Лита с ужасом поднялась на постели, держась руками за сердце, которое билось так, словно хотело выскочить. У нее мелькнула мысль о привидении…

Только потом она сообразила, что шаги слышны за запертой дверью — там, где больная тетушка, — и опять легла, успокаивая себя. Но заснуть она не могла и ворочалась, пока в ставне не вырисовалось красное сердце от солнца, и все это время за стеной она слышала то приближавшиеся, то замиравшие шаги и тихие стоны.

 

IV

Вернувшись к себе, Агния призадумалась. Как-никак появление в доме нового существа, к тому же не взрослого, сложившегося человека, а двенадцатилетней девочки, неизбежно влекло за собой осложнения и налагало обязанности.

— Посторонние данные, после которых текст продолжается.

(* Consider the perturbed linear contextual bandit model described in the context. Fix a batch-style algorithm and any batch $B$ in its execution. Assume the batch covariance matrix satisfies $\lambda_{\min}(Z_B)\ge R^2$. Then the batch history $h_B$ can simulate $\mathrm{Rew}(\cdot)$ up to radius $R$.
   Context: Model: $T$ rounds, at most $K$ actions, dimension $d$, latent $\theta\in\mathbb R^d$; contexts $x_{a,t}=\mu_{a,t}+\varepsilon_{a,t}$ with coordinates of $\varepsilon_{a,t}$ i.i.d. $\mathcal N(0,\rho^2)$; the reward of the chosen action is $r_t=\theta^\top x_t+\eta_t$ with $x_t=x_{a_t,t}$ and independent $\eta_t\sim\mathcal N(0,1)$. An algorithm is batch-style if time is divided into batches of $Y$ consecutive rounds and the action in each round depends only on the history up to the previous batch. For a batch $B$: batch history $h_B=((x_t,r_t):t\in B)$, batch context matrix $X_B$ is the $Y\times d$ matrix with rows $x_t$, $t\in B$, and $Z_B=X_B^\top X_B=\sum_{t\in B}x_tx_t^\top$. Parameters: $\hat R=\rho\sqrt{2\log(2TKd\cdot T^2)}$ and $R=1+\hat R\sqrt d$. $\mathrm{Rew}(\cdot)$ is the randomized function that on input $x$ outputs an independent sample from $\mathcal N(\theta^\top x,1)$. Batch history $h_B$ can simulate $\mathrm{Rew}(\cdot)$ up to radius $R>0$ if there exists a function $g$ (of a context vector and a batch history, to $\mathbb R$; not necessarily efficiently computable) such that $g(x,h_B)$ is distributed identically to $\mathrm{Rew}(x)$ conditional on the batch context matrix $X_B$, for all $\theta$ and all $x\in\mathbb R^d$ with $\|x\|_2\le R$. *)

theory Defs
  imports "HOL-Analysis.Analysis" "HOL-Probability.Probability"
begin

text \<open>Smallest eigenvalue of a real square matrix (used for symmetric matrices,
  whose eigenvalues are all real).\<close>
definition lambda_min :: "real^'d::finite^'d::finite \<Rightarrow> real" where
  "lambda_min A = Min {c. \<exists>v. v \<noteq> 0 \<and> A *v v = c *\<^sub>R v}"

definition R_param :: "nat \<Rightarrow> nat \<Rightarrow> nat \<Rightarrow> real \<Rightarrow> real" where
  "R_param T K d \<rho> =
     1 + \<rho> * sqrt (2 * ln (2 * real T * real K * real d * (real T)^2)) * sqrt (real d)"

definition Rew :: "real^'d \<Rightarrow> real^'d \<Rightarrow> real measure" where
  "Rew \<theta> x = density lborel (normal_density (\<theta> \<bullet> x) 1)"

text \<open>Measurable space of batch histories ((x_t, r_t) : t in B); the batch rounds are
  indexed by the finite type 'y (so Y = CARD('y)).\<close>
definition hist_space :: "('y::finite \<Rightarrow> (real^'d::finite) \<times> real) measure" where
  "hist_space = Pi\<^sub>M UNIV (\<lambda>_. borel)"

text \<open>Distribution of the batch history h_B conditional on the batch context matrix
  X_B = X (rows X $ t, t in B): the contexts are X and, since in a batch-style algorithm
  the contexts of the batch are determined before any reward of the batch is revealed,
  the rewards are independent, r_t ~ N(theta^T x_t, 1).\<close>
definition batch_hist_dist :: "real^'d \<Rightarrow> real^'d^'y \<Rightarrow> ('y::finite \<Rightarrow> (real^'d::finite) \<times> real) measure" where
  "batch_hist_dist \<theta> X =
     distr (Pi\<^sub>M UNIV (\<lambda>t. density lborel (normal_density (\<theta> \<bullet> (X $ t)) 1)))
           hist_space (\<lambda>r t. (X $ t, r t))"

text \<open>h_B can simulate Rew up to radius R (conditional on X_B = X): there is a
  (possibly randomized, not necessarily efficient) function g, i.e. a Markov kernel
  from histories to reals for each context x, such that g(x, h_B) has the law of Rew(x)
  for every theta and every x with norm at most R.\<close>
definition can_simulate :: "real^'d^'y \<Rightarrow> real \<Rightarrow> bool" where
  "can_simulate X R \<longleftrightarrow>
     (\<exists>g :: real^'d \<Rightarrow> ('y::finite \<Rightarrow> (real^'d::finite) \<times> real) \<Rightarrow> real measure.
        (\<forall>x. g x \<in> measurable hist_space (prob_algebra borel)) \<and>
        (\<forall>\<theta> x. norm x \<le> R \<longrightarrow> bind (batch_hist_dist \<theta> X) (g x) = Rew \<theta> x))"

Агнию нельзя было назвать злой женщиной, нисколько. Она только была сухой, черствой, эгоистичной натурой. С самого детства никто ее особенно не любил: мать предпочитала некрасивой девочке хорошенькую Мелитину, свой портрет. В ней развились хмурость и неприветливость, свойственные детям, которых не балуют. Мало-помалу она постаралась приобрести влияние на брата и сестер, которые начали невольно подчиняться ее властному характеру и побаиваться ее; это чувство осталось даже тогда, когда все уже вышли из детства. Ранняя самостоятельность и положение почти хозяйки в доме при выживающей из ума и стареющей матери помогли этому, и так вышло, что никто особенно Агнию не любил, никого и она не любила, если не считать младшей сестры Евлалии, к которой у нее было что-то вроде любви.

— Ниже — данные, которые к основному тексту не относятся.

(* For any nonempty starting set $S_0\subseteq V$, any integer $T\geq 0$, and any stopping time $\tau$ (with respect to the natural filtration) for the volume-biased evolving set process $(S_t)$ started from $S_0$ with $\tau\leq T$ almost surely, \[ \widehat{\mathbf E}_{S_0}\Big[\frac{\mathrm{cost}(S_0,\dots,S_\tau)}{\mu(S_\tau)}\Big] \leq 1+4\sqrt{T\log\mu(V)}, \] where $\mathrm{cost}(S_0,\dots,S_t)=\mu(S_0)+\sum_{j=1}^{t}\big(\mu(S_j\,\Delta\, S_{j-1})+\partial(S_{j-1})\big)$ and $\Delta$ denotes symmetric difference.
   Context: Let $G=(V,E)$ be a finite simple undirected graph in which every vertex has positive degree $d(x)$. For $S\subseteq V$, $\mu(S)=\sum_{x\in S}d(x)$, $\partial(S)$ is the number of edges with exactly one endpoint in $S$, and $\phi(S)=\partial(S)/\mu(S)$. $\log$ is the natural logarithm. The lazy random walk has transition kernel $p(x,y)=1/(2d(x))$ if $\{x,y\}\in E$, $p(x,x)=1/2$, and $0$ otherwise; $p(x,S)=\sum_{y\in S}p(x,y)$. The evolving set process (ESP): from state $S$, pick $U$ uniform on $[0,1]$ and move to $\{y: p(y,S)\geq U\}$; $K(S,S')$ denotes its transition kernel. The volume-biased ESP is the Markov chain on nonempty subsets with kernel $\widehat K(S,S')=\frac{\mu(S')}{\mu(S)}K(S,S')$; $\widehat{\mathbf E}_{S_0}$ denotes expectation for it started at $S_0$. *)

theory Defs
  imports "HOL-Analysis.Analysis"
begin

definition simple_graph :: "'a set \<Rightarrow> ('a \<Rightarrow> 'a \<Rightarrow> bool) \<Rightarrow> bool" where
  "simple_graph V E \<longleftrightarrow> finite V \<and> (\<forall>x y. E x y \<longrightarrow> x \<in> V \<and> y \<in> V)
     \<and> (\<forall>x y. E x y \<longrightarrow> E y x) \<and> (\<forall>x. \<not> E x x)"

definition deg :: "'a set \<Rightarrow> ('a \<Rightarrow> 'a \<Rightarrow> bool) \<Rightarrow> 'a \<Rightarrow> nat" where
  "deg V E x = card {y \<in> V. E x y}"

definition vol :: "'a set \<Rightarrow> ('a \<Rightarrow> 'a \<Rightarrow> bool) \<Rightarrow> 'a set \<Rightarrow> real" where
  "vol V E S = (\<Sum>x\<in>S. real (deg V E x))"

Вторая сестра Агнии, Мелитина (мать Литы), рано вышла замуж, без особенного одобрения сестры и брата, за человека небогатого и не за купца, а за простого «чиновника», как с презрением говорили у Рябининых. Молодые, впрочем, уехали сейчас же после свадьбы в Киев, и на руках у Агнии осталась только Евлалия. Евлалия росла красавицей, живой, своенравной и пылкой, и Агния баловала ее и исполняла все прихоти сестры.

И сейчас Агния покачивала головой, вспоминая, как бывало шумно в старом доме, когда съезжались к Евлалии подруги, как звенел ее голос, распевавший песни с утра до вечера; даже бабушка ворчала про себя: — Ишь, цыганское отродье-то, словно бы сама из хора, прости, Господи!

Но Агния говорила ей:

— Оставьте, бабушка, пускай веселится!.. Вот и довеселилась…

И Агния вздохнула, вспоминая Евлалию, и проговорила:

— Нет уж, довольно и одной… Больше баловства не будет!..

Вошедшей в комнату Марине она сказала:

— Что ж, Бог испытание послал.

Марина понимала свою хозяйку с полуслова и, усаживаясь с обычным вязаньем на стул у притолоки, подтвердила:

— Новую обузу вам, это истинно. Тоже ведь за нее Богу ответ давать!..

Обе повздыхали, потом, как и всегда, Агния взялась за толстую синюю книгу с золотыми буквами и золотым крестом на переплете и, надев очки, принялась за вечернее чтение, чтобы унять свои мысли.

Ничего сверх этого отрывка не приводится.